(* Let $S=(N,M_0)$ be a live Petri net system. If the potential reachability graph of $S$ is initially directed, i.e. for every marking $M_1\in PR(S)$ there is a marking reachable both from $M_0$ and from $M_1$, then $S$ is strongly live, i.e. for every $M\in PR(S)$ the system $(N,M)$ is live.
   Context: A Petri net is $N=(P,T,W)$ with finite disjoint sets of places $P$ and transitions $T$ and weights $W:(P\times T)\cup(T\times P)\to\mathbb{N}$. A marking is a map $P\to\mathbb{N}$. A transition $t$ is enabled at $M$ if $M(p)\ge W(p,t)$ for all $p$; firing it yields $M+I[\cdot,t]$ where the incidence matrix is $I(p,t)=W(t,p)-W(p,t)$. Reachability from a marking means reachability by a finite sequence of successive firings. $PR(S)=\{M\in\mathbb{N}^{P} : \exists Y\in\mathbb{N}^{T},\ M=M_0+I\cdot Y\}$ is the set of potentially reachable markings. A system $(N,M)$ is live if for every transition $t$ and every marking $M'$ reachable from $M$, some marking reachable from $M'$ enables $t$. *)

theory Defs
  imports Main
begin

text \<open>A Petri net with finite place type 'p and finite transition type 't.
  pre t p = W(p,t) (arc from place p to transition t),
  post t p = W(t,p) (arc from transition t to place p).\<close>

record ('p, 't) petri_net =
  pre  :: "'t \<Rightarrow> 'p \<Rightarrow> nat"
  post :: "'t \<Rightarrow> 'p \<Rightarrow> nat"

type_synonym 'p marking = "'p \<Rightarrow> nat"

definition incidence :: "('p, 't) petri_net \<Rightarrow> 'p \<Rightarrow> 't \<Rightarrow> int" where
  "incidence N p t = int (post N t p) - int (pre N t p)"

definition enabled :: "('p, 't) petri_net \<Rightarrow> 'p marking \<Rightarrow> 't \<Rightarrow> bool" where
  "enabled N M t \<longleftrightarrow> (\<forall>p. M p \<ge> pre N t p)"

definition fire :: "('p, 't) petri_net \<Rightarrow> 'p marking \<Rightarrow> 't \<Rightarrow> 'p marking" where
  "fire N M t = (\<lambda>p. M p - pre N t p + post N t p)"

definition step :: "('p, 't) petri_net \<Rightarrow> 'p marking \<Rightarrow> 'p marking \<Rightarrow> bool" where
  "step N M M' \<longleftrightarrow> (\<exists>t. enabled N M t \<and> M' = fire N M t)"

definition reachable :: "('p, 't) petri_net \<Rightarrow> 'p marking \<Rightarrow> 'p marking \<Rightarrow> bool" where
  "reachable N M M' \<longleftrightarrow> (step N)\<^sup>*\<^sup>* M M'"

definition PR :: "('p, 't::finite) petri_net \<Rightarrow> 'p marking \<Rightarrow> 'p marking set" where
  "PR N M0 = {M. \<exists>Y :: 't \<Rightarrow> nat. \<forall>p. int (M p) = int (M0 p) + (\<Sum>t\<in>UNIV. incidence N p t * int (Y t))}"

definition live :: "('p, 't) petri_net \<Rightarrow> 'p marking \<Rightarrow> bool" where
  "live N M \<longleftrightarrow> (\<forall>t M'. reachable N M M' \<longrightarrow> (\<exists>M''. reachable N M' M'' \<and> enabled N M'' t))"

definition initially_directed_PR :: "('p, 't::finite) petri_net \<Rightarrow> 'p marking \<Rightarrow> bool" where
  "initially_directed_PR N M0 \<longleftrightarrow>
     (\<forall>M1 \<in> PR N M0. \<exists>M. reachable N M0 M \<and> reachable N M1 M)"

definition strongly_live :: "('p, 't::finite) petri_net \<Rightarrow> 'p marking \<Rightarrow> bool" where
  "strongly_live N M0 \<longleftrightarrow> (\<forall>M \<in> PR N M0. live N M)"

end

theory Submission
  imports Defs
begin

text \<open>The set \<open>PR N M0\<close> is closed under firing, since firing \<open>t\<close> adds the column \<open>I[\<cdot>,t]\<close>
  and so only increments the count vector \<open>Y\<close> at \<open>t\<close>. Hence every marking reachable from a
  marking of \<open>PR N M0\<close> can, by initial directedness, be led back into the reachability set
  of \<open>M0\<close>, where liveness of \<open>M0\<close> enables any transition.\<close>

lemma reachable_trans:
  "reachable N M M' \<Longrightarrow> reachable N M' M'' \<Longrightarrow> reachable N M M''"
  unfolding reachable_def by (rule rtranclp_trans)

lemma fire_incidence:
  assumes "enabled N M t"
  shows "int (fire N M t p) = int (M p) + incidence N p t"
proof -
  have "pre N t p \<le> M p" using assms unfolding enabled_def by blast
  then show ?thesis by (simp add: fire_def incidence_def of_nat_diff)
qed

lemma PR_step:
  fixes N :: "('p, 't::finite) petri_net"
  assumes "M \<in> PR N M0" and "step N M M'"
  shows "M' \<in> PR N M0"
proof -
  obtain Y :: "'t \<Rightarrow> nat"
    where Y: "\<And>p. int (M p) = int (M0 p) + (\<Sum>s\<in>UNIV. incidence N p s * int (Y s))"
    using assms(1) unfolding PR_def by blast
  obtain t where en: "enabled N M t" and M': "M' = fire N M t"
    using assms(2) unfolding step_def by blast
  define Y' where "Y' = Y(t := Suc (Y t))"
  have "int (M' p) = int (M0 p) + (\<Sum>s\<in>UNIV. incidence N p s * int (Y' s))" for p
  proof -
    have "(\<Sum>s\<in>UNIV. incidence N p s * int (Y' s))
        = (\<Sum>s\<in>UNIV. incidence N p s * int (Y s) + (if s = t then incidence N p s else 0))"
      by (rule sum.cong) (auto simp: Y'_def algebra_simps)
    also have "\<dots> = (\<Sum>s\<in>UNIV. incidence N p s * int (Y s)) + incidence N p t"
      by (simp add: sum.distrib)
    finally show ?thesis
      using Y[of p] fire_incidence[OF en, of p] by (simp add: M')
  qed
  then show ?thesis unfolding PR_def by blast
qed

lemma PR_reachable:
  fixes N :: "('p, 't::finite) petri_net"
  assumes "reachable N M M'" and "M \<in> PR N M0"
  shows "M' \<in> PR N M0"
  using assms(1)[unfolded reachable_def] assms(2)
  by (induction rule: rtranclp_induct) (auto intro: PR_step)

lemma live_if_reachable_joins_live:
  assumes "live N M0"
    and "\<And>M'. reachable N M M' \<Longrightarrow> \<exists>M''. reachable N M0 M'' \<and> reachable N M' M''"
  shows "live N M"
  unfolding live_def
proof (intro allI impI)
  fix t M'
  assume "reachable N M M'"
  then obtain M'' where "reachable N M0 M''" and M'_M'': "reachable N M' M''"
    using assms(2) by blast
  then obtain M3 where "reachable N M'' M3" and "enabled N M3 t"
    using assms(1) unfolding live_def by blast
  then show "\<exists>M3. reachable N M' M3 \<and> enabled N M3 t"
    using M'_M'' reachable_trans by blast
qed

theorem mainTheorem2:
  fixes N :: "('p::finite, 't::finite) petri_net" and M0 :: "'p marking"
  assumes "live N M0"
    and "initially_directed_PR N M0"
  shows "strongly_live N M0"
  unfolding strongly_live_def
proof
  fix M
  assume "M \<in> PR N M0"
  then have "\<exists>M''. reachable N M0 M'' \<and> reachable N M' M''" if "reachable N M M'" for M'
    using PR_reachable[OF that] assms(2) unfolding initially_directed_PR_def by blast
  then show "live N M"
    using live_if_reachable_joins_live[OF assms(1)] by blast
qed

end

:::::

What you will do :: Retype the material above from start to finish without any changes.

Solution below ::
(* Let $S=(N,M_0)$ be a live Petri net system. If the potential reachability graph of $S$ is initially directed, i.e. for every marking $M_1\in PR(S)$ there is a marking reachable both from $M_0$ and from $M_1$, then $S$ is strongly live, i.e. for every $M\in PR(S)$ the system $(N,M)$ is live.
   Context: A Petri net is $N=(P,T,W)$ with finite disjoint sets of places $P$ and transitions $T$ and weights $W:(P\times T)\cup(T\times P)\to\mathbb{N}$. A marking is a map $P\to\mathbb{N}$. A transition $t$ is enabled at $M$ if $M(p)\ge W(p,t)$ for all $p$; firing it yields $M+I[\cdot,t]$ where the incidence matrix is $I(p,t)=W(t,p)-W(p,t)$. Reachability from a marking means reachability by a finite sequence of successive firings. $PR(S)=\{M\in\mathbb{N}^{P} : \exists Y\in\mathbb{N}^{T},\ M=M_0+I\cdot Y\}$ is the set of potentially reachable markings. A system $(N,M)$ is live if for every transition $t$ and every marking $M'$ reachable from $M$, some marking reachable from $M'$ enables $t$. *)

theory Defs
  imports Main
begin

text \<open>A Petri net with finite place type 'p and finite transition type 't.
  pre t p = W(p,t) (arc from place p to transition t),
  post t p = W(t,p) (arc from transition t to place p).\<close>

record ('p, 't) petri_net =
  pre  :: "'t \<Rightarrow> 'p \<Rightarrow> nat"
  post :: "'t \<Rightarrow> 'p \<Rightarrow> nat"

type_synonym 'p marking = "'p \<Rightarrow> nat"

definition incidence :: "('p, 't) petri_net \<Rightarrow> 'p \<Rightarrow> 't \<Rightarrow> int" where
  "incidence N p t = int (post N t p) - int (pre N t p)"

definition enabled :: "('p, 't) petri_net \<Rightarrow> 'p marking \<Rightarrow> 't \<Rightarrow> bool" where
  "enabled N M t \<longleftrightarrow> (\<forall>p. M p \<ge> pre N t p)"

definition fire :: "('p, 't) petri_net \<Rightarrow> 'p marking \<Rightarrow> 't \<Rightarrow> 'p marking" where
  "fire N M t = (\<lambda>p. M p - pre N t p + post N t p)"

definition step :: "('p, 't) petri_net \<Rightarrow> 'p marking \<Rightarrow> 'p marking \<Rightarrow> bool" where
  "step N M M' \<longleftrightarrow> (\<exists>t. enabled N M t \<and> M' = fire N M t)"

definition reachable :: "('p, 't) petri_net \<Rightarrow> 'p marking \<Rightarrow> 'p marking \<Rightarrow> bool" where
  "reachable N M M' \<longleftrightarrow> (step N)\<^sup>*\<^sup>* M M'"

definition PR :: "('p, 't::finite) petri_net \<Rightarrow> 'p marking \<Rightarrow> 'p marking set" where
  "PR N M0 = {M. \<exists>Y :: 't \<Rightarrow> nat. \<forall>p. int (M p) = int (M0 p) + (\<Sum>t\<in>UNIV. incidence N p t * int (Y t))}"

definition live :: "('p, 't) petri_net \<Rightarrow> 'p marking \<Rightarrow> bool" where
  "live N M \<longleftrightarrow> (\<forall>t M'. reachable N M M' \<longrightarrow> (\<exists>M''. reachable N M' M'' \<and> enabled N M'' t))"

definition initially_directed_PR :: "('p, 't::finite) petri_net \<Rightarrow> 'p marking \<Rightarrow> bool" where
  "initially_directed_PR N M0 \<longleftrightarrow>
     (\<forall>M1 \<in> PR N M0. \<exists>M. reachable N M0 M \<and> reachable N M1 M)"

definition strongly_live :: "('p, 't::finite) petri_net \<Rightarrow> 'p marking \<Rightarrow> bool" where
  "strongly_live N M0 \<longleftrightarrow> (\<forall>M \<in> PR N M0. live N M)"

end

theory Submission
  imports Defs
begin

text \<open>The set \<open>PR N M0\<close> is closed under firing, since firing \<open>t\<close> adds the column \<open>I[\<cdot>,t]\<close>
  and so only increments the count vector \<open>Y\<close> at \<open>t\<close>. Hence every marking reachable from a
  marking of \<open>PR N M0\<close> can, by initial directedness, be led back into the reachability set
  of \<open>M0\<close>, where liveness of \<open>M0\<close> enables any transition.\<close>

lemma reachable_trans:
  "reachable N M M' \<Longrightarrow> reachable N M' M'' \<Longrightarrow> reachable N M M''"
  unfolding reachable_def by (rule rtranclp_trans)

lemma fire_incidence:
  assumes "enabled N M t"
  shows "int (fire N M t p) = int (M p) + incidence N p t"
proof -
  have "pre N t p \<le> M p" using assms unfolding enabled_def by blast
  then show ?thesis by (simp add: fire_def incidence_def of_nat_diff)
qed

lemma PR_step:
  fixes N :: "('p, 't::finite) petri_net"
  assumes "M \<in> PR N M0" and "step N M M'"
  shows "M' \<in> PR N M0"
proof -
  obtain Y :: "'t \<Rightarrow> nat"
    where Y: "\<And>p. int (M p) = int (M0 p) + (\<Sum>s\<in>UNIV. incidence N p s * int (Y s))"
    using assms(1) unfolding PR_def by blast
  obtain t where en: "enabled N M t" and M': "M' = fire N M t"
    using assms(2) unfolding step_def by blast
  define Y' where "Y' = Y(t := Suc (Y t))"
  have "int (M' p) = int (M0 p) + (\<Sum>s\<in>UNIV. incidence N p s * int (Y' s))" for p
  proof -
    have "(\<Sum>s\<in>UNIV. incidence N p s * int (Y' s))
        = (\<Sum>s\<in>UNIV. incidence N p s * int (Y s) + (if s = t then incidence N p s else 0))"
      by (rule sum.cong) (auto simp: Y'_def algebra_simps)
    also have "\<dots> = (\<Sum>s\<in>UNIV. incidence N p s * int (Y s)) + incidence N p t"
      by (simp add: sum.distrib)
    finally show ?thesis
      using Y[of p] fire_incidence[OF en, of p] by (simp add: M')
  qed
  then show ?thesis unfolding PR_def by blast
qed

lemma PR_reachable:
  fixes N :: "('p, 't::finite) petri_net"
  assumes "reachable N M M'" and "M \<in> PR N M0"
  shows "M' \<in> PR N M0"
  using assms(1)[unfolded reachable_def] assms(2)
  by (induction rule: rtranclp_induct) (auto intro: PR_step)

lemma live_if_reachable_joins_live:
  assumes "live N M0"
    and "\<And>M'. reachable N M M' \<Longrightarrow> \<exists>M''. reachable N M0 M'' \<and> reachable N M' M''"
  shows "live N M"
  unfolding live_def
proof (intro allI impI)
  fix t M'
  assume "reachable N M M'"
  then obtain M'' where "reachable N M0 M''" and M'_M'': "reachable N M' M''"
    using assms(2) by blast
  then obtain M3 where "reachable N M'' M3" and "enabled N M3 t"
    using assms(1) unfolding live_def by blast
  then show "\<exists>M3. reachable N M' M3 \<and> enabled N M3 t"
    using M'_M'' reachable_trans by blast
qed

theorem mainTheorem2:
  fixes N :: "('p::finite, 't::finite) petri_net" and M0 :: "'p marking"
  assumes "live N M0"
    and "initially_directed_PR N M0"
  shows "strongly_live N M0"
  unfolding strongly_live_def
proof
  fix M
  assume "M \<in> PR N M0"
  then have "\<exists>M''. reachable N M0 M'' \<and> reachable N M' M''" if "reachable N M M'" for M'
    using PR_reachable[OF that] assms(2) unfolding initially_directed_PR_def by blast
  then show "live N M"
    using live_if_reachable_joins_live[OF assms(1)] by blast
qed

end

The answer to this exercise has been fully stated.